Dari seberang, laki-laki itu terdengar berdecih, " kau membuatku benci Meili ", ucap lelaki itu pertama kali. Dan Meili tak berniat menyela ucapannya. Dia pantas mengatakannya, " kau sungguh melupakan aku. Kau sudah pulang, dan tidak memberi kabar sama sekali padaku...".
" Kau sangat keterlaluan Meili ", kata Brian melanjutkan. Nafasnya terdengar menderu menahan emosi.
" Maafkan aku Brian ", kata Meili akhirnya bicara. Dan suasana menghening.

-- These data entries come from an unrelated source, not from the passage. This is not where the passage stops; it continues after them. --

definition restricted_heis_iso :: "nat \<Rightarrow> 'a::field vec \<Rightarrow> 'a vec \<Rightarrow> ('a vec \<Rightarrow> 'a vec) \<Rightarrow> bool" where
  "restricted_heis_iso m lam lam' \<Psi> \<longleftrightarrow>
     bij_betw \<Psi> (carrier_vec (2*m+1)) (carrier_vec (2*m+1)) \<and>
     (\<forall>v\<in>carrier_vec (2*m+1). \<forall>w\<in>carrier_vec (2*m+1). \<Psi> (v + w) = \<Psi> v + \<Psi> w) \<and>
     (\<forall>c. \<forall>v\<in>carrier_vec (2*m+1). \<Psi> (c \<cdot>\<^sub>v v) = c \<cdot>\<^sub>v \<Psi> v) \<and>
     (\<forall>v\<in>carrier_vec (2*m+1). \<forall>w\<in>carrier_vec (2*m+1).
        \<Psi> (heis_bracket m v w) = heis_bracket m (\<Psi> v) (\<Psi> w)) \<and>
     (\<forall>v\<in>carrier_vec (2*m+1). \<Psi> (heis_pmap m lam v) = heis_pmap m lam' (\<Psi> v))"

definition restricted_heis_isomorphic :: "nat \<Rightarrow> 'a::field vec \<Rightarrow> 'a vec \<Rightarrow> bool" where
  "restricted_heis_isomorphic m lam lam' \<longleftrightarrow> (\<exists>\<Psi>. restricted_heis_iso m lam lam' \<Psi>)"

definition symp_J :: "nat \<Rightarrow> 'a::field mat" where
  "symp_J m = four_block_mat (0\<^sub>m m m) (1\<^sub>m m) (- 1\<^sub>m m) (0\<^sub>m m m)"

end

theory Submission
  imports Defs "HOL-Computational_Algebra.Primes"
begin

text \<open>Write z = e_(2m+1) and split a vector as v = (x, c) with x in F^2m. Then
  [v, w] = (x^t J y) z and v^[p] = (x^[p] . (lam_1..lam_2m) + c^p lam_(2m+1)) z.
  A Lie isomorphism Psi maps the centre F z = F [e_1, e_(m+1)] onto itself, say Psi z = mu z
  with mu nonzero, and is described by Psi e_i = sum_j a_ij e_j + k_i z. Comparing
  Psi [e_i, e_j] = J_ij mu z with [Psi e_i, Psi e_j] gives A J A^t = mu J, hence
  (det A)^2 = mu^2m, and applying Psi to e_i^[p] = lam_i z gives conditions (2) and (3).
  Conversely, (A, k, mu) define a bijective linear map which preserves the bracket by (1);
  since the Frobenius map x -> x^p is a ring homomorphism, (2) and (3), which say that it
  commutes with [p] on the basis, make it commute with [p] everywhere.\<close>

lemma semiring_hom_power_CHAR:
  assumes "prime CHAR('a::comm_semiring_1)"
  shows "semiring_hom (\<lambda>x::'a. x ^ CHAR('a))"
proof
  show "(x + y) ^ CHAR('a) = x ^ CHAR('a) + y ^ CHAR('a)" for x y :: 'a
    by (rule freshmans_dream[OF assms refl])
qed (use prime_gt_0_nat[OF assms] in \<open>auto simp: power_mult_distrib zero_power\<close>)
(* Let $a\ge2$ be an integer, $m\ge1$, $n\ge1$, and let $\mathcal{A}_n$ be the arrangement in $\mathbb{R}^n$ with hyperplanes $x_i=0$ for all $1\le i\le n$, $x_i=x_j$ for all $1\le i<j\le n$, and $x_i=a^rx_j$ for all $1\le i\neq j\le n$ and $1\le r\le m$. Then $$\chi_{\mathcal{A}_n}(t)=(t-1)\prod_{j=1}^{n-1}(t-1-mn-j).$$
   Context: For a finite arrangement $\mathcal{A}$ of affine hyperplanes in $\mathbb{R}^n$, the characteristic polynomial is $\chi_{\mathcal{A}}(t)=\sum_{\mathcal{B}}(-1)^{\#\mathcal{B}}t^{n-\operatorname{rank}(\mathcal{B})}$, the sum over subsets $\mathcal{B}\subseteq\mathcal{A}$ whose hyperplanes have nonempty common intersection, where $\operatorname{rank}(\mathcal{B})$ is the dimension of the span of the normal vectors of the hyperplanes in $\mathcal{B}$. *)

theory Defs
  imports "HOL-Analysis.Analysis" "HOL-Computational_Algebra.Polynomial"
begin

text \<open>Affine hyperplane in R^n (coordinates indexed by the finite type 'n, n = CARD('n)).\<close>
definition hyperplane :: "real^'n \<Rightarrow> real \<Rightarrow> (real^'n) set" where
  "hyperplane c d = {x. c \<bullet> x = d}"

definition normals :: "(real^'n) set \<Rightarrow> (real^'n) set" where
  "normals H = {c. c \<noteq> 0 \<and> (\<exists>d. H = hyperplane c d)}"
(* Let $F$ be a forest with connected components $F_1,\dots,F_p$, where each $F_i$ is a copy of the spider $S(2^{n_i})$ (with its own torso and leg labels). Let $\alpha:V(F)\to\mathbb{N}$ satisfy $\alpha|_{F_i}\in\mathcal{A}_{k_i}$ with $k_i\ge3$ for every $i$. For any choice of integers $1\le a_i\le k_i$, define $\beta:V(F)\to\mathbb{N}$ by $\beta|_{F_i}=\phi_{a_i}(\alpha|_{F_i})$ for each $i$. Then $X_F^\alpha+X_F^\beta\ge_{2s}0$.
   Context: $S(2^n)$: torso $v_0$, vertices $v_i,v'_i$ ($1\le i\le n$), edges $v_0v_i,v_iv'_i$. $\mathcal{A}_k$ (for $S(2^n)$): maps $\alpha$ with $\alpha(v_0)=1$, $\alpha(v_i)\le1$, $\alpha(v_i)+\alpha(v'_i)\le2$, and $\#\{j:\alpha(v_j)=1,\alpha(v'_j)=0\}=k$. For $\alpha\in\mathcal A_k$ with $\{j:\alpha(v_j)=1,\alpha(v'_j)=0\}=\{i_1<\dots<i_k\}$ and $S\subseteq\{1,\dots,k\}$, $\phi_S(\alpha)$ agrees with $\alpha$ except $\phi_S(\alpha)(v_{i_j})=2$ for $j\in S$ and $\phi_S(\alpha)(v_0)=0$; $\phi_a=\phi_{\{a\}}$. $X_G^\alpha=\sum_\kappa\prod_ix_i^{a_i}$ over maps $\kappa$ with $|\kappa(v)|=\alpha(v)$ (sets of positive integers), disjoint on edges, $a_i=\#\{v:i\in\kappa(v)\}$. $f\ge_{2s}0$ means $[s_\lambda]f\ge0$ for all partitions $\lambda$ with at most two parts. *)

theory Defs
  imports Main
begin

datatype spv = Torso | Inner nat | Outer nat

definition spider_verts :: "nat \<Rightarrow> spv set" where
  "spider_verts n = {Torso} \<union> Inner ` {1..n} \<union> Outer ` {1..n}"

definition spider_adj :: "nat \<Rightarrow> spv \<Rightarrow> spv \<Rightarrow> bool" where
  "spider_adj n u v \<longleftrightarrow> (\<exists>j\<in>{1..n}.
      (u = Torso \<and> v = Inner j) \<or> (u = Inner j \<and> v = Torso) \<or>
      (u = Inner j \<and> v = Outer j) \<or> (u = Outer j \<and> v = Inner j))"
(* Let $\{d_{k,j}:k,j\geq 0\}$ be nonnegative numbers such that $D_j(\delta):=\sum_{k\geq 0}d_{k,j}\delta^k\in(0,\infty)$ for all $\delta>0$ and all $j\geq 0$. Let $\{\delta_j(\cdot):j\geq 0\}$ be positive functions on $[0,\infty)$ with $\delta_j(t)\to\infty$ as $t\to\infty$ for every $j$, assume $\sum_{j\geq 0}\frac{d_{j,j}\delta^j}{D_j(\delta)}\in(0,\infty)$ for all $\delta>0$, and let $\{N(t):t\geq 0\}$ be nonnegative integer valued random variables with $$P(N(t)=k)=\frac{\frac{d_{k,k}(\delta_k(t))^k}{D_k(\delta_k(t))}}{\sum_{j\geq 0}\frac{d_{j,j}(\delta_j(t))^j}{D_j(\delta_j(t))}},\quad k\geq 0.$$ Assume the following: (B1) there exists an integer $n\geq 0$ such that for all $j\geq n$, $d_{k,j}=d_k$ for all $k\geq 0$ (so $D_j=D:=\sum_{k\ge0}d_k\delta^k$) and $\delta_j(\cdot)=\delta(\cdot)$ do not depend on $j$; moreover there exist functions $v:(0,\infty)\to(0,\infty)$ with $v(t)\to\infty$ as $t\to\infty$, and a differentiable function $\Delta:(0,\infty)\to\mathbb{R}$, such that $\lim_{t\to\infty}\frac{1}{v(t)}\log D(ut)=\Delta(u)$ for all $u>0$; (B2) the set $\{k\geq 0:d_{k,k}>0\}$ is unbounded; (B3) for all $k\in\{0,1,\ldots,n-1\}$: if $d_k>0$ then $\lim_{t\to\infty}\frac{d_{k,k}(\delta_k(t))^k/D_k(\delta_k(t))}{d_k(\delta(t))^k/D(\delta(t))}=0$, and if $d_k=0$ then $d_{k,k}=0$. Let $\Lambda(\theta):=\Delta(e^\theta)-\Delta(1)$, assume that $\Delta''(1)$ exists (so that $\Lambda''(0)$ exists), and assume moreover: (i) whenever $u(t)\to1$ as $t\to\infty$, the function $H_1(t):=\log\frac{D(u(t)\delta(t))}{D(\delta(t))}-v(\delta(t))(\Delta(u(t))-\Delta(1))$ is bounded; (ii) $H_2(t):=\sqrt{v(\delta(t))}\left(\Lambda'(0)-\frac{\delta(t)D'(\delta(t))}{v(\delta(t))D(\delta(t))}\right)$ is bounded; (iii) $H_3(t):=\frac{1}{\sqrt{v(\delta(t))}}\left(\frac{\delta(t)D'(\delta(t))}{D(\delta(t))}-\mathbb{E}[N(t)]\right)$ is bounded. Then for every choice of positive numbers $\{a(t):t>0\}$ with $a(t)\to0$ and $v(\delta(t))a(t)\to\infty$ as $t\to\infty$, the family $\left\{\frac{N(t)-\mathbb{E}[N(t)]}{v(\delta(t))}\sqrt{v(\delta(t))a(t)}:t>0\right\}$ satisfies the large deviation principle with speed $1/a(t)$ and good rate function $\tilde{\Lambda}^*$ given by $\tilde{\Lambda}^*(x)=\frac{x^2}{2\Lambda''(0)}$ if $\Lambda''(0)>0$, and, if $\Lambda''(0)=0$, by $\tilde{\Lambda}^*(0)=0$ and $\tilde{\Lambda}^*(x)=\infty$ for $x\neq0$.
   Context: A family of real random variables $\{X_t:t>0\}$ satisfies the large deviation principle (LDP) with speed $v_t\to\infty$ and rate function $I$ (a lower semicontinuous map $\mathbb{R}\to[0,\infty]$; good if all level sets $\{I\le\eta\}$ are compact) if $\limsup_{t\to\infty}\frac{1}{v_t}\log P(X_t\in C)\leq-\inf_{x\in C}I(x)$ for all closed $C$ and $\liminf_{t\to\infty}\frac{1}{v_t}\log P(X_t\in O)\geq-\inf_{x\in O}I(x)$ for all open $O$. *)

theory Defs
  imports "HOL-Probability.Probability"
begin

definition elog :: "real \<Rightarrow> ereal" where
  "elog p = (if p > 0 then ereal (ln p) else -\<infinity>)"

definition rate_function :: "(real \<Rightarrow> ereal) \<Rightarrow> bool" where
  "rate_function I \<longleftrightarrow> (\<forall>x. 0 \<le> I x) \<and> (\<forall>x. I x \<le> Liminf (at x) I)"

definition good_rate_function :: "(real \<Rightarrow> ereal) \<Rightarrow> bool" where
  "good_rate_function I \<longleftrightarrow> rate_function I \<and> (\<forall>\<eta>::real. compact {x. I x \<le> ereal \<eta>})"

definition LDP :: "'a measure \<Rightarrow> (real \<Rightarrow> 'a \<Rightarrow> real) \<Rightarrow> (real \<Rightarrow> real) \<Rightarrow> (real \<Rightarrow> ereal) \<Rightarrow> bool" where
  "LDP M X s I \<longleftrightarrow> rate_function I \<and>
     (\<forall>C. closed C \<longrightarrow>
        Limsup at_top (\<lambda>t. elog (measure M {\<omega> \<in> space M. X t \<omega> \<in> C}) / ereal (s t))
          \<le> - (INF x\<in>C. I x)) \<and>
     (\<forall>U. open U \<longrightarrow>
        Liminf at_top (\<lambda>t. elog (measure M {\<omega> \<in> space M. X t \<omega> \<in> U}) / ereal (s t))
          \<ge> - (INF x\<in>U. I x))"

definition pser :: "(nat \<Rightarrow> real) \<Rightarrow> real \<Rightarrow> real" where
  "pser c x = (\<Sum>k. c k * x ^ k)"

definition Lam :: "(real \<Rightarrow> real) \<Rightarrow> real \<Rightarrow> real" where
  "Lam \<Delta> \<theta> = \<Delta> (exp \<theta>) - \<Delta> 1"

text \<open>The rate function tilde Lambda^* (given separately for the two cases).\<close>
definition rate_pos :: "real \<Rightarrow> real \<Rightarrow> ereal" where
  "rate_pos L2 x = ereal (x\<^sup>2 / (2 * L2))"

definition rate_zero :: "real \<Rightarrow> ereal" where
  "rate_zero x = (if x = 0 then 0 else \<infinity>)"

end

theory Submission
  imports Defs
begin

(*
  With \<theta>(t) = \<mu> / sqrt (v(\<delta>(t)) a(t)) the scaled log moment generating function of X(t) is
  a(t) (log E exp(\<theta> N(t)) - \<theta> E N(t)).  Up to finitely many indices, whose weights are
  negligible by (B2) and (B3), N(t) has the power series distribution of D at \<delta>(t); hence
  log E exp(\<theta> N(t)) = log (D(e^\<theta> \<delta>(t)) / D(\<delta>(t))) + O(1) = v(\<delta>(t)) \<Lambda>(\<theta>) + O(1) by (i).
  A second order expansion of \<Lambda> at 0, with (ii) and (iii) controlling the linear term, gives
  a(t) log E exp(\<mu> X(t) / a(t)) --> \<Lambda>''(0) \<mu>^2 / 2 for every \<mu>.

  The LDP follows from this quadratic limit as in the Gaertner-Ellis theorem: exponential
  Chebyshev bounds give the upper bound, and tilting by \<mu> = x / \<Lambda>''(0) gives the lower bound.
  If \<Lambda>''(0) = 0, then X(t) leaves every neighbourhood of 0 with probability smaller than any
  exp(-K / a(t)).
*)

section \<open>Large deviation principles from logarithmic estimates\<close>

lemma elog_div_inverse:
  assumes "a > 0" and "p > 0"
  shows "elog p / ereal (1 / a) = ereal (a * ln p)"
  using assms by (simp add: elog_def)

lemma elog_div_inverse_less:
  assumes a: "a > 0" and p: "0 \<le> p" and log_bound: "p > 0 \<Longrightarrow> a * ln p < r"
  shows "elog p / ereal (1 / a) < ereal r"
proof (cases "p > 0")
  case True
  then show ?thesis using a log_bound by (simp add: elog_div_inverse)
next
  case False
  then show ?thesis using a p by (simp add: elog_def)
qed

lemma LDP_from_log_bounds:
  fixes M :: "'a measure" and X :: "real \<Rightarrow> 'a \<Rightarrow> real"
  assumes P: "prob_space M" and I: "rate_function I"
    and a_pos: "\<forall>\<^sub>F t in at_top. a t > 0"
    and upper: "\<And>C r. closed C \<Longrightarrow> 0 \<le> r \<Longrightarrow> ereal r < (INF x\<in>C. I x) \<Longrightarrow>
       \<forall>\<^sub>F t in at_top. measure M {\<omega> \<in> space M. X t \<omega> \<in> C} > 0 \<longrightarrow>
           a t * ln (measure M {\<omega> \<in> space M. X t \<omega> \<in> C}) < - r"
    and lower: "\<And>U r. open U \<Longrightarrow> (INF x\<in>U. I x) < ereal r \<Longrightarrow>
       \<forall>\<^sub>F t in at_top. measure M {\<omega> \<in> space M. X t \<omega> \<in> U} > 0 \<and>
           a t * ln (measure M {\<omega> \<in> space M. X t \<omega> \<in> U}) > - r"
  shows "LDP M X (\<lambda>t. 1 / a t) I"
  unfolding LDP_def
proof (intro conjI allI impI)
  show "rate_function I" by fact
next
  fix C :: "real set" assume C: "closed C"
  let ?p = "\<lambda>t. measure M {\<omega> \<in> space M. X t \<omega> \<in> C}"
  show "Limsup at_top (\<lambda>t. elog (?p t) / ereal (1 / a t)) \<le> - (INF x\<in>C. I x)"
    unfolding Limsup_le_iff
  proof (intro allI impI)
    fix y assume "- (INF x\<in>C. I x) < y"
    then obtain r :: real where r: "- (INF x\<in>C. I x) < ereal r" "ereal r < y"
      using ereal_dense2 by blast
    have "\<forall>\<^sub>F t in at_top. ?p t > 0 \<longrightarrow> a t * ln (?p t) < r"
    proof (cases "r > 0")
      case True
      show ?thesis using a_pos
      proof eventually_elim
        case (elim t)
        show ?case
        proof
          assume "?p t > 0"
          moreover have "?p t \<le> 1" by (rule prob_space.prob_le_1[OF P])
          ultimately have "a t * ln (?p t) \<le> 0" using elim by (simp add: mult_nonneg_nonpos)
          then show "a t * ln (?p t) < r" using True by linarith
        qed
      qed
    next
      case False
      have "ereal (- r) < (INF x\<in>C. I x)" using r(1)
        by (metis ereal_minus_less_minus ereal_uminus_uminus uminus_ereal.simps(1))
      with upper[OF C, of "- r"] False show ?thesis by simp
    qed
    with a_pos show "\<forall>\<^sub>F t in at_top. elog (?p t) / ereal (1 / a t) < y"
    proof eventually_elim
      case (elim t)
      then have "elog (?p t) / ereal (1 / a t) < ereal r"
        by (intro elog_div_inverse_less) auto
      then show ?case using r(2) by order
    qed
  qed
next
  fix U :: "real set" assume U: "open U"
  let ?p = "\<lambda>t. measure M {\<omega> \<in> space M. X t \<omega> \<in> U}"
  show "- (INF x\<in>U. I x) \<le> Liminf at_top (\<lambda>t. elog (?p t) / ereal (1 / a t))"
    unfolding le_Liminf_iff
  proof (intro allI impI)
    fix y assume "y < - (INF x\<in>U. I x)"
    then obtain r :: real where r: "y < ereal r" "ereal r < - (INF x\<in>U. I x)"
      using ereal_dense2 by blast
    have "(INF x\<in>U. I x) < ereal (- r)" using r(2)
      by (metis ereal_minus_less_minus ereal_uminus_uminus uminus_ereal.simps(1))
    from lower[OF U this] a_pos
    show "\<forall>\<^sub>F t in at_top. y < elog (?p t) / ereal (1 / a t)"
    proof eventually_elim
      case (elim t)
      then have "ereal r < elog (?p t) / ereal (1 / a t)" by (simp add: elog_div_inverse)
      then show ?case using r(1) by order
    qed
  qed
qed
lemma guarantees_admissible:
  assumes "competitive_DSIC M c r" "0 \<le> c" "admissible M K F x y"
  shows "guarantees M K c r F x y x \<and> guarantees M K c r F x y y"
  using assms
proof (induction "card F + card {i\<in>F. 0 < x i \<and> 0 < y i}" arbitrary: r F x y rule: less_induct)
  case less
  have "guarantees M K c r F x y x"
    using guarantees_buyer_step[OF less.prems] less.hyps less.prems by blast
  moreover have "guarantees M K c (\<lambda>b s. r s b) F y x y"
  proof (rule guarantees_buyer_step)
    show "competitive_DSIC M c (\<lambda>b s. r s b)" by (rule competitive_DSIC_swap[OF less.prems(1)])
    show "admissible M K F y x" by (rule admissible_swap[OF less.prems(3)])
    fix F' y' assume "admissible M K F' y' x"
      "card F' + card {i\<in>F'. 0 < y' i \<and> 0 < x i} < card F + card {i\<in>F. 0 < y i \<and> 0 < x i}"
    then show "guarantees M K c (\<lambda>b s. r s b) F' y' x y' \<and> guarantees M K c (\<lambda>b s. r s b) F' y' x x"
      using less.hyps competitive_DSIC_swap[OF less.prems(1)] less.prems(2) by (simp add: conj_commute)
  qed (rule less.prems(2))
  ultimately show ?case using guarantees_swap by blast
qed

lemma admissible_staircase:
  assumes "1 \<le> M"
  shows "admissible M (real M) {1..M} (\<lambda>i. real M + 1 - real i) real"
  unfolding admissible_def
proof (intro conjI ballI impI)
  fix i j assume "i \<in> {1..M}" "j \<in> {1..M}" "i \<noteq> j"
  then have "(real M + 1) * (real j - real i) \<noteq> 0" by simp
  then show "(real M + 1 - real i) * real j \<noteq> (real M + 1 - real j) * real i"
    by (simp add: algebra_simps)
qed (use assms in auto)

lemma competitive_DSIC_le_inverse:
  assumes "1 \<le> M" and comp: "competitive_DSIC M c r" and "0 \<le> c"
  shows "c \<le> 1 / real M"
proof -
  define x where "x = (\<lambda>i. real M + 1 - real i)"
  define b where "b = (\<lambda>i. if i \<in> {1..M} then x i else 0)"
  define s where "s = (\<lambda>i. if i \<in> {1..M} then real i else 0)"
  have adm: "admissible M (real M) {1..M} x real"
    unfolding x_def using admissible_staircase[OF \<open>1 \<le> M\<close>] .
  have pad: "padded_profile M (real M) {1..M} x real T b s" for T
    unfolding padded_profile_def b_def s_def vecs_def by auto
  have mech: "mechanism M r" using comp unfolding competitive_DSIC_def by blast
  have bs: "b \<in> vecs M" "s \<in> vecs M" using pad[of 0] unfolding padded_profile_def by auto
  have sum_xy: "x i + real i = real M + 1" for i unfolding x_def by simp
  have "c * real M * (real M + 1) = c * (\<Sum>i\<in>{1..M}. x i) + c * (\<Sum>i\<in>{1..M}. real i)"
    by (simp add: sum_xy flip: distrib_left sum.distrib)
  also have "\<dots> \<le> (\<Sum>i\<in>{1..M}. x i * r b s i) + (\<Sum>i\<in>{1..M}. real i * r b s i)"
    using guarantees_admissible[OF comp \<open>0 \<le> c\<close> adm] guarantees_limit pad by (meson add_mono)
  also have "\<dots> = (real M + 1) * (\<Sum>i\<in>{1..M}. r b s i)"
    by (simp add: sum_xy sum_distrib_left flip: sum.distrib distrib_right)
  also have "\<dots> \<le> real M + 1"
    using mechanism_sum_le_one[OF mech bs, of "{1..M}"] by simp
  finally have "c * real M \<le> 1" by simp
  then show ?thesis using \<open>1 \<le> M\<close> by (simp add: le_divide_eq mult.commute)
qed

" Kita bertemu malam ini. Katakan semuanya padaku Meili. Apa yang terjadi, dan apa yang kau inginkan ". titah Brian, Meili terhenyak.
" Temui aku di rumahku ", tambahnya.
" Aku tidak bisa kesana Brian ", sergah Meili, " tidak di rumahmu jika ingin bertemu ".
Brian terdengar mendengus, " padahal dulu kau tidak pernah ingin bertemu dimana pun, selain disini ", katanya begumam, tapi masih terdengar sampai di telinga Meili.
" Disini, atau aku yang kerumahmu. Hanya dua itu pilihanmu Meili ".
" Brian.. ", seru Meili tersentak. Lelaki itu memberi pilihan yang begitu sulit untuknya, " kita harus bertemu sekarang Meili. Kau tidak bisa mencampakkan aku seperti ini ".
" Ya kita bertemu. Tapi tidak disini atau di rumahmu ".
" Baiklah kau bisa memilih tempat lain. Tapi kau harus tahu Meili, pada saat kita bertemu nanti, lelaki yang menjadi tunanganmu itu juga akan tahu, kalau kau sedang bertemu denganku. Jadi silahkan pilih ", sergah Brian, lalu menutup teleponnya tanpa menunggu Meili bicara. Ia sungguh tak memberi kelonggaran pada perempuan itu. Sikapa Meili belakangan ini terlalu menyakiti hatinya.